All authors: Bing Center for Waldenström's Macroglobulinemia, Dana-Farber Cancer Institute; and Harvard Medical School, Boston, MA.
J Clin Oncol. 2017 Mar 20;35(9):994-1001. doi: 10.1200/JCO.2016.71.0814. Epub 2017 Feb 13.
Next-generation sequencing has revealed recurring somatic mutations in Waldenström macroglobulinemia (WM). Commonly recurring mutations include MYD88 (95% to 97%), CXCR4 (30% to 40%), ARID1A (17%), and CD79B (8% to 15%). Diagnostic discrimination of WM from overlapping B-cell malignancies is aided by MYD88 mutation status. Transcription is affected by MYD88 and CXCR4 mutations and includes overexpression of genes involved in VDJ recombination, CXCR4 pathway signaling, and BCL2 family members. Among patients with MYD88 mutations, those with CXCR4 mutations show transcriptional silencing of tumor suppressors associated with acquisition of mutated MYD88. Deletions involving chromosome 6q are common and include genes that modulate nuclear factor-κB, BCL2, BTK, apoptosis, differentiation, and ARID1B. Non-chromosome 6q genes are also frequently deleted and include LYN, a regulator of B-cell receptor signaling. MYD88 and CXCR4 mutations affect WM disease presentation and treatment outcome. Patients with wild-type MYD88 show lower bone marrow disease burden and serum immunoglobulin M levels but show an increased risk of death. Patients with CXCR4 mutations have higher bone marrow disease burden, and those with nonsense CXCR4 mutations have higher serum immunoglobulin M levels and incidence of symptomatic hyperviscosity.
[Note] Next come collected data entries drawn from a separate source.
lemma lp_triangle:
  assumes p: "1 \<le> p" and x: "in_lp p x" and y: "in_lp p y"
  shows "in_lp p (\<lambda>i. x i + y i) \<and> lp_norm p (\<lambda>i. x i + y i) \<le> lp_norm p x + lp_norm p y"
proof (cases "p = \<infinity>")
  case True
  have bdd_x: "bdd_above (range (\<lambda>i. \<bar>x i\<bar>))" and bdd_y: "bdd_above (range (\<lambda>i. \<bar>y i\<bar>))"
    using x y True by (simp_all add: in_lp_def)
  have le: "\<bar>x i + y i\<bar> \<le> (SUP i. \<bar>x i\<bar>) + (SUP i. \<bar>y i\<bar>)" for i
  proof -
    have "\<bar>x i\<bar> \<le> (SUP i. \<bar>x i\<bar>)" using bdd_x by (rule cSUP_upper[rotated]) auto
    moreover have "\<bar>y i\<bar> \<le> (SUP i. \<bar>y i\<bar>)" using bdd_y by (rule cSUP_upper[rotated]) auto
    ultimately show ?thesis by linarith
  qed
  then have "bdd_above (range (\<lambda>i. \<bar>x i + y i\<bar>))" by (rule bdd_aboveI2)
  moreover have "(SUP i. \<bar>x i + y i\<bar>) \<le> (SUP i. \<bar>x i\<bar>) + (SUP i. \<bar>y i\<bar>)"
    using le by (intro cSUP_least) auto
  ultimately show ?thesis using True by (simp add: in_lp_def lp_norm_def)
next
  case False
  define q where "q = real_of_ereal p"
  have q: "1 \<le> q" using real_of_ereal_ge_1[OF p False] q_def by simp
  define a b where "a = lp_norm p x" and "b = lp_norm p y"
  consider "a = 0" | "b = 0" | "0 < a" "0 < b"
    using lp_norm_nonneg[OF p x] lp_norm_nonneg[OF p y] a_def b_def by linarith
  then show ?thesis
  proof cases
    case 1
    then show ?thesis using lp_norm_eq_0_iff[OF p x] y a_def by simp
  next
    case 2
    then show ?thesis using lp_norm_eq_0_iff[OF p y] x b_def by simp
  next
    case 3
    define Sx Sy where "Sx = (\<Sum>i. \<bar>x i\<bar> powr q)" and "Sy = (\<Sum>i. \<bar>y i\<bar> powr q)"
    have sx: "summable (\<lambda>i. \<bar>x i\<bar> powr q)" and sy: "summable (\<lambda>i. \<bar>y i\<bar> powr q)"
      using x y False by (simp_all add: in_lp_def q_def)
    have "0 \<le> Sx" "0 \<le> Sy"
      unfolding Sx_def Sy_def by (auto intro: suminf_nonneg sx sy)
    then have Sx: "a powr q = Sx" and Sy: "b powr q = Sy"
      using False q by (simp_all add: a_def b_def Sx_def Sy_def lp_norm_def q_def powr_powr)
    define g where "g i = (a + b) powr q * (a / (a + b) * (\<bar>x i\<bar> powr q / Sx) + b / (a + b) * (\<bar>y i\<bar> powr q / Sy))" for i
    have "g sums ((a + b) powr q * (a / (a + b) * (Sx / Sx) + b / (a + b) * (Sy / Sy)))"
      unfolding g_def Sx_def Sy_def by (intro sums_mult sums_add sums_divide sums_mult summable_sums sx sy)
    moreover have "Sx \<noteq> 0" "Sy \<noteq> 0" using Sx Sy 3 by auto
    ultimately have g: "g sums ((a + b) powr q)"
      using 3 by (simp add: add_divide_distrib[symmetric])
    have le_g: "\<bar>x i + y i\<bar> powr q \<le> g i" for i
      using abs_add_powr_le[OF q 3(1) 3(2), of "x i" "y i"] 3 Sx Sy by (simp add: g_def powr_divide)
    have sxy: "summable (\<lambda>i. \<bar>x i + y i\<bar> powr q)"
      by (rule summable_comparison_test[of _ g]) (use le_g g in \<open>auto simp: sums_iff\<close>)
    have "(\<Sum>i. \<bar>x i + y i\<bar> powr q) \<le> (a + b) powr q"
      using suminf_le[OF le_g sxy] g by (simp add: sums_iff)
    then have "(\<Sum>i. \<bar>x i + y i\<bar> powr q) powr (1/q) \<le> ((a + b) powr q) powr (1/q)"
      using q by (intro powr_mono2) (auto intro: suminf_nonneg[OF sxy])
    also have "\<dots> = a + b" using 3 q by (simp add: powr_powr)
    finally show ?thesis using sxy False by (simp add: in_lp_def lp_norm_def q_def a_def b_def)
  qed
qed

lemma lp_sum:
  assumes p: "1 \<le> p" and A: "finite A" and f: "\<And>j. j \<in> A \<Longrightarrow> in_lp p (f j)"
  shows "in_lp p (\<lambda>i. \<Sum>j\<in>A. f j i) \<and> lp_norm p (\<lambda>i. \<Sum>j\<in>A. f j i) \<le> (\<Sum>j\<in>A. lp_norm p (f j))"
  using A f
proof (induction A rule: finite_induct)
  case empty
  then show ?case by (simp add: in_lp_finite_support)
next
  case (insert a A)
  then show ?case using lp_triangle[OF p, of "f a" "\<lambda>i. \<Sum>j\<in>A. f j i"] by auto
qed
Mutated MYD88 triggers BTK, IRAK1/IRAK4, and HCK growth and survival signaling, whereas CXCR4 mutations promote AKT and extracellular regulated kinase-1/2 signaling and drug resistance in the presence of its ligand CXCL12. Ibrutinib is active in patients with WM and is affected by MYD88 and CXCR4 mutation status. Patients with mutated MYD88 and wild-type CXCR4 mutation status exhibit best responses to ibrutinib. Lower response rates and delayed responses to ibrutinib are associated with mutated CXCR4 in patients with WM. MYD88 and CXCR4 mutation status may be helpful in treatment selection for symptomatic patients. Novel therapeutic approaches under investigation include therapeutics targeting MYD88, CXCR4, and BCL2 signaling.
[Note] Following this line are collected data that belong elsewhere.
lemma image_act_in_translates: "D \<in> translates act C \<Longrightarrow> act g ` D \<in> translates act C"
  by (auto simp: translates_def image_act_image_act [OF action])

lemma translates_image_act: "translates act (act g ` C) = translates act C"
proof -
  have "act h ` C \<in> range (\<lambda>k. act (k + g) ` C)" for h
    by (rule image_eqI [where x = "h + - g"]) (simp_all add: add.assoc)
  then show ?thesis
    by (auto simp: translates_def image_act_image_act [OF action])
qed

lemma orbit_frequency_image_act: "orbit_frequency act x (act g ` C) = orbit_frequency act x C"
  by (simp add: orbit_frequency_def translates_image_act)

lemma orbit_frequency_UNIV: "orbit_frequency act x UNIV = 1"
proof -
  have "act g ` UNIV = UNIV" for g
    by (metis act_act_neg [OF action] surjI)
  then have "translates act UNIV = {UNIV}"
    by (simp add: translates_def)
  moreover have "{D \<in> {UNIV}. x \<in> D} = {UNIV}"
    by auto
  ultimately show ?thesis
    by (simp add: orbit_frequency_def translates_def)
qed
下一代测序技术揭示了瓦尔登斯特伦巨球蛋白血症(WM)中经常出现的体细胞突变。常见的反复出现的突变包括 MYD88(95%至 97%)、CXCR4(30%至 40%)、ARID1A(17%)和 CD79B(8%至 15%)。通过 MYD88 突变状态可以帮助从重叠的 B 细胞恶性肿瘤中诊断 WM。转录受 MYD88 和 CXCR4 突变的影响,包括参与 VDJ 重组、CXCR4 途径信号传导和 BCL2 家族成员的基因过度表达。在 MYD88 突变的患者中,那些具有 CXCR4 突变的患者表现出与获得突变 MYD88 相关的肿瘤抑制基因转录沉默。涉及 6q 染色体的缺失很常见,包括调节核因子-κB、BCL2、BTK、凋亡、分化和 ARID1B 的基因。非 6q 染色体基因也经常缺失,包括 B 细胞受体信号传导的调节剂 LYN。MYD88 和 CXCR4 突变影响 WM 疾病表现和治疗结果。具有野生型 MYD88 的患者骨髓疾病负担和血清免疫球蛋白 M 水平较低,但死亡风险增加。具有 CXCR4 突变的患者骨髓疾病负担较高,具有无意义 CXCR4 突变的患者血清免疫球蛋白 M 水平较高,症状性高粘血症的发生率较高。突变的 MYD88 触发 BTK、IRAK1/IRAK4 和 HCK 生长和存活信号,而 CXCR4 突变在其配体 CXCL12 存在的情况下促进 AKT 和细胞外调节激酶-1/2 信号传导和耐药性。依鲁替尼在 WM 患者中有效,并受 MYD88 和 CXCR4 突变状态的影响。具有突变型 MYD88 和野生型 CXCR4 突变状态的患者对依鲁替尼表现出最佳反应。WM 患者中 CXCR4 突变与依鲁替尼的较低反应率和延迟反应相关。MYD88 和 CXCR4 突变状态可能有助于对有症状患者的治疗选择。正在研究的新的治疗方法包括针对 MYD88、CXCR4 和 BCL2 信号传导的治疗方法。